Electrokinetic Demixing of Two-Phase Aqueous Polymer Systems. II. Separation Rates of Polyethylene Glycol–Maltodextrin Mixtures

Abstract

Aqueous two-phase extraction techniques have been successfully applied to the purification of enzymes and cells. However, due to their similar physical properties, immiscible aqueous phases do not separate rapidly. A method for enhanced demixing of aqueous two-phase systems in a thermostated vertical electrophoresis column was therefore studied. The effects of the electric field strength, field polarity, temperature, phase composition, and buffer concentration on demixing rates of a polyethylene glycol-maltodextrin (PEG-MDX) system were quantitatively measured.
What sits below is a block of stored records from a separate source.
lemma sum_of_bool_last_crossing_le_one:
  "(\<Sum>k\<in>{0..n}. of_bool (last_crossing s n t k)) \<le> (1::real)"
proof -
  have "card ({0..n} \<inter> {k. last_crossing s n t k}) \<le> Suc 0"
    by (subst card_le_Suc0_iff_eq) (auto intro: last_crossing_unique)
  then show ?thesis by simp
qed

lemma abs_exp_minus_one_le: "\<bar>exp L - 1\<bar> \<le> exp \<bar>L\<bar> - (1::real)"
proof (cases "L \<ge> 0")
  case False
  have "exp L \<le> 1" using False by simp
  then show ?thesis using exp_ge_add_one_self[of "-L"] exp_ge_add_one_self[of L] False by linarith
qed simp

lemma abs_ln_one_plus_minus_le:
  fixes a u :: real
  assumes "\<bar>a\<bar> \<le> u" "u < 1"
  shows "\<bar>ln (1 + a) - a\<bar> \<le> u\<^sup>2 / (1 - u)"
proof -
  have pos: "1 + a > 0" using assms by linarith
  have upper: "ln (1 + a) \<le> a" using ln_le_minus_one[OF pos] by simp
  have "ln (1 / (1 + a)) \<le> 1 / (1 + a) - 1" using pos by (intro ln_le_minus_one) simp
  then have lower: "1 - 1 / (1 + a) \<le> ln (1 + a)" using pos by (simp add: ln_div)
  have "a - (1 - 1 / (1 + a)) = a\<^sup>2 / (1 + a)" using pos by (simp add: field_simps power2_eq_square)
  also have "\<dots> \<le> u\<^sup>2 / (1 - u)"
  proof (rule frac_le)
    show "a\<^sup>2 \<le> u\<^sup>2" using assms(1) by (metis abs_ge_zero power2_abs power_mono)
  qed (use assms pos in auto)
  finally show ?thesis using upper lower by linarith
qed

lemma abs_prod_one_plus_minus_one_le:
  fixes a :: "nat \<Rightarrow> real"
  assumes "finite J" "card J \<le> n" and a: "\<And>j. j \<in> J \<Longrightarrow> \<bar>a j\<bar> \<le> u" and "0 \<le> u" "u < 1"
    and c: "\<bar>\<Sum>j\<in>J. a j\<bar> \<le> c"
  shows "\<bar>(\<Prod>j\<in>J. 1 + a j) - 1\<bar> \<le> exp ((c + real n * u\<^sup>2) / (1 - u)) - 1"
proof -
  define L where "L = (\<Sum>j\<in>J. ln (1 + a j))"
  have "(\<Prod>j\<in>J. 1 + a j) = exp L"
    unfolding L_def exp_sum[OF \<open>finite J\<close>] using a \<open>u < 1\<close>
    by (intro prod.cong refl) (smt (verit) exp_ln)
  moreover have "\<bar>L\<bar> \<le> (c + real n * u\<^sup>2) / (1 - u)"
  proof -
    have "\<bar>L\<bar> \<le> \<bar>\<Sum>j\<in>J. a j\<bar> + (\<Sum>j\<in>J. \<bar>ln (1 + a j) - a j\<bar>)"
      unfolding L_def using sum_abs[of "\<lambda>j. ln (1 + a j) - a j" J]
      by (simp add: sum_subtractf)
    also have "\<dots> \<le> c + (\<Sum>j\<in>J. u\<^sup>2 / (1 - u))"
      using c a \<open>u < 1\<close> by (intro add_mono sum_mono abs_ln_one_plus_minus_le) auto
    also have "\<dots> \<le> c / (1 - u) + real n * u\<^sup>2 / (1 - u)"
    proof (intro add_mono)
      show "c \<le> c / (1 - u)"
        using assms by (simp add: le_divide_eq mult_left_le)
      show "(\<Sum>j\<in>J. u\<^sup>2 / (1 - u)) \<le> real n * u\<^sup>2 / (1 - u)"
        using assms by (simp add: divide_right_mono mult_right_mono)
    qed
    finally show ?thesis by (simp add: add_divide_distrib)
  qed
  ultimately show ?thesis using abs_exp_minus_one_le[of L] by (smt (verit) exp_le_cancel_iff)
qed

lemma power2_lam:
  assumes "0 < d" "d \<le> 2"
  shows "(lam d)\<^sup>2 = 2 * ln (2 / d)"
  using assms unfolding lam_def by simp

lemma lam_pos:
  assumes "0 < d" "d < 2"
  shows "0 < lam d"
  using assms unfolding lam_def by (simp add: ln_gt_zero)

lemma exp_lam_exponent:
  assumes "0 < d" "d \<le> 2" "0 < u" "0 < n"
  shows "exp (- (lam d / (sqrt n * u)) * (lam d * sqrt n * u) + real n * (lam d / (sqrt n * u))\<^sup>2 * u\<^sup>2 / 2)
    = d / 2"
proof -
  have "- (lam d / (sqrt n * u)) * (lam d * sqrt n * u) + real n * (lam d / (sqrt n * u))\<^sup>2 * u\<^sup>2 / 2
      = - (lam d)\<^sup>2 / 2"
    using assms by (simp add: field_simps power2_eq_square)
  also have "\<dots> = - ln (2 / d)"
    using power2_lam[OF assms(1,2)] by simp
  finally show ?thesis
    using assms by (simp add: ln_div exp_diff)
qed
At normal electrical polarity (anode at the top of the column), using a maximum practicable field strength of 26.4 V/cm, the demixing rate was twice that in zero electric field at 25 ± 2°C. With poiarity reversed (anode at the bottom, electric field opposing gravitational settling) at a field of 26.4 V/cm, demixing was 5.5 times as fast as in zero field. Reduction of the temperature from 25 to 14°C caused an increase in demixing rate in the absence of an applied field, while reduced temperature did not change the rate when using electric fields of either normal or reverse polarity. Increased phosphate buffer concentration substantially increased the demixing rate for PEG-MDX mixtures.